### What you will do:
Within the data that follows, set down exactly the lines from the one containing "using Z by (simp add: distributed_def)" through the one containing "(\<integral>z. normal_density ((transpose", both ends included.

-------- Information given

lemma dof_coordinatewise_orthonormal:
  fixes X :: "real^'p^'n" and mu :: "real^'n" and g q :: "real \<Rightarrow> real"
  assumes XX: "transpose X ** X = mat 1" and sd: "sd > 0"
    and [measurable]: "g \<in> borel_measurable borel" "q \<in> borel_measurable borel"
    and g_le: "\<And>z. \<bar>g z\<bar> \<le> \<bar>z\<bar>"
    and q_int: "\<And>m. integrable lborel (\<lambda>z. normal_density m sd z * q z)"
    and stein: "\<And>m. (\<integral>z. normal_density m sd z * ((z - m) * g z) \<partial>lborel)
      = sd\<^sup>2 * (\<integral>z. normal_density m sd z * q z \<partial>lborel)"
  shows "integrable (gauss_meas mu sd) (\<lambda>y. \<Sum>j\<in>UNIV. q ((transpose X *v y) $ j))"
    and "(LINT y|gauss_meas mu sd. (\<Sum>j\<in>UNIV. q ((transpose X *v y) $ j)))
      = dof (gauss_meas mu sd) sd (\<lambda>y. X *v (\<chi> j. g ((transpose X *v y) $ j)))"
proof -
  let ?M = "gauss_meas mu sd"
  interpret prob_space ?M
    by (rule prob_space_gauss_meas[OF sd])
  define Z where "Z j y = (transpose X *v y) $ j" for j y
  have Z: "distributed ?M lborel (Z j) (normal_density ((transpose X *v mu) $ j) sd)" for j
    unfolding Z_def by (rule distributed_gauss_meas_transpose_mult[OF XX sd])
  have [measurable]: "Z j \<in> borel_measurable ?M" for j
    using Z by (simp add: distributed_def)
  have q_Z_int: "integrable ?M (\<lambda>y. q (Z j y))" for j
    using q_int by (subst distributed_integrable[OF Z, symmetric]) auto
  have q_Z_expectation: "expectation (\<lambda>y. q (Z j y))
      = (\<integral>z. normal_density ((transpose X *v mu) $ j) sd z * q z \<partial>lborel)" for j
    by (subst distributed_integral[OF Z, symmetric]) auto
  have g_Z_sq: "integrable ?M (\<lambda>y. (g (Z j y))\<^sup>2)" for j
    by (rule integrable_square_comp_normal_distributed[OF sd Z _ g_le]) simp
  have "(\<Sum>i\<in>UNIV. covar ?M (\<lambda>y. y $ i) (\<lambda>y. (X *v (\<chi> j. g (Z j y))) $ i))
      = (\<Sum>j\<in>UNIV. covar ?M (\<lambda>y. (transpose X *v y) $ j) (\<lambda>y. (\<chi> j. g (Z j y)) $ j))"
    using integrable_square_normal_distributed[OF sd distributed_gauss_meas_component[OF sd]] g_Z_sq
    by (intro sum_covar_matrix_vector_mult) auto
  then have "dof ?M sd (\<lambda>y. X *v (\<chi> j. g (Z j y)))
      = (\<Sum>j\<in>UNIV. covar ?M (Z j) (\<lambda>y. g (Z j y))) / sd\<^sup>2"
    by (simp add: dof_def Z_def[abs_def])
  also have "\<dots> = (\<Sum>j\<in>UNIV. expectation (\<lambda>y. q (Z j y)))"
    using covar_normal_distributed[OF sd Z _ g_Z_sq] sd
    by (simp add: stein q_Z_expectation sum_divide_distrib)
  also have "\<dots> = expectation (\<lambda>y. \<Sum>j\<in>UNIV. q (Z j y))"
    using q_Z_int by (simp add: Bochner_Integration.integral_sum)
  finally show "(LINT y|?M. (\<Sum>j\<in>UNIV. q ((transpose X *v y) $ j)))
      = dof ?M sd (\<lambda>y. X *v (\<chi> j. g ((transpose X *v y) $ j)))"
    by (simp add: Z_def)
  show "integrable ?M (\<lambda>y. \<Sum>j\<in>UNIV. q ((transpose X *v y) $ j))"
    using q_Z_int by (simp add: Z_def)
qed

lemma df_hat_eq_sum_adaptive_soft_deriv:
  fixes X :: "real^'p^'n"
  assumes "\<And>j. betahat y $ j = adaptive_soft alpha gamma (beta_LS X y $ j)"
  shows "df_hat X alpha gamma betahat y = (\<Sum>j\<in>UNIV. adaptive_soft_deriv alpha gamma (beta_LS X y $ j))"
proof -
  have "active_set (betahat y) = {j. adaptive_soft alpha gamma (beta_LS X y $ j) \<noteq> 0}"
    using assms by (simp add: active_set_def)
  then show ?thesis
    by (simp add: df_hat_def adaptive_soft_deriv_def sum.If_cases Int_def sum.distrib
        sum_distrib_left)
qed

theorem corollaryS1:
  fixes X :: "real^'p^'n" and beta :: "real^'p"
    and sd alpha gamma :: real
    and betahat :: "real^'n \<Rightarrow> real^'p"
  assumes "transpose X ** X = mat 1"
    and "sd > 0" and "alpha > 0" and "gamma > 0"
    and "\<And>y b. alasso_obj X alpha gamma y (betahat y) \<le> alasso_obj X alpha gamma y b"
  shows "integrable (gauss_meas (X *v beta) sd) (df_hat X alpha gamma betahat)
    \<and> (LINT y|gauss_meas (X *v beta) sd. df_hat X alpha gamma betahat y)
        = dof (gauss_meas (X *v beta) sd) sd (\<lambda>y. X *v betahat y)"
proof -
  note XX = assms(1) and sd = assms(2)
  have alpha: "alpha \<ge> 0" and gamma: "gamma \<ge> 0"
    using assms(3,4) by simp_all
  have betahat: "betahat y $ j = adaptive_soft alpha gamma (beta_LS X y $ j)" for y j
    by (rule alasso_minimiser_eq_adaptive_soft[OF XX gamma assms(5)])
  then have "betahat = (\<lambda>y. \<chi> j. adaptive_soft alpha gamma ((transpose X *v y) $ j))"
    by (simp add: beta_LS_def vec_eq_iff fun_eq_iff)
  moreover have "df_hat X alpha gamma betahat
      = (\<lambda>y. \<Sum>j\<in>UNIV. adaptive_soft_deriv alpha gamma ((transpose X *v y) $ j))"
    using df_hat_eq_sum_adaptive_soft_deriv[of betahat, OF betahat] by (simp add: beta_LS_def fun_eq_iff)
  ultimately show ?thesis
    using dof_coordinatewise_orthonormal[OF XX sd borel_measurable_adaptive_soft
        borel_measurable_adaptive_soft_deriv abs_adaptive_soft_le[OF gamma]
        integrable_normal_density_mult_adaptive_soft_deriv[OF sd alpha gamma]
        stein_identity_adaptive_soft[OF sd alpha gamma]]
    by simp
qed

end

----------------

### Task output:
    using Z by (simp add: distributed_def)
  have q_Z_int: "integrable ?M (\<lambda>y. q (Z j y))" for j
    using q_int by (subst distributed_integrable[OF Z, symmetric]) auto
  have q_Z_expectation: "expectation (\<lambda>y. q (Z j y))
      = (\<integral>z. normal_density ((transpose X *v mu) $ j) sd z * q z \<partial>lborel)" for j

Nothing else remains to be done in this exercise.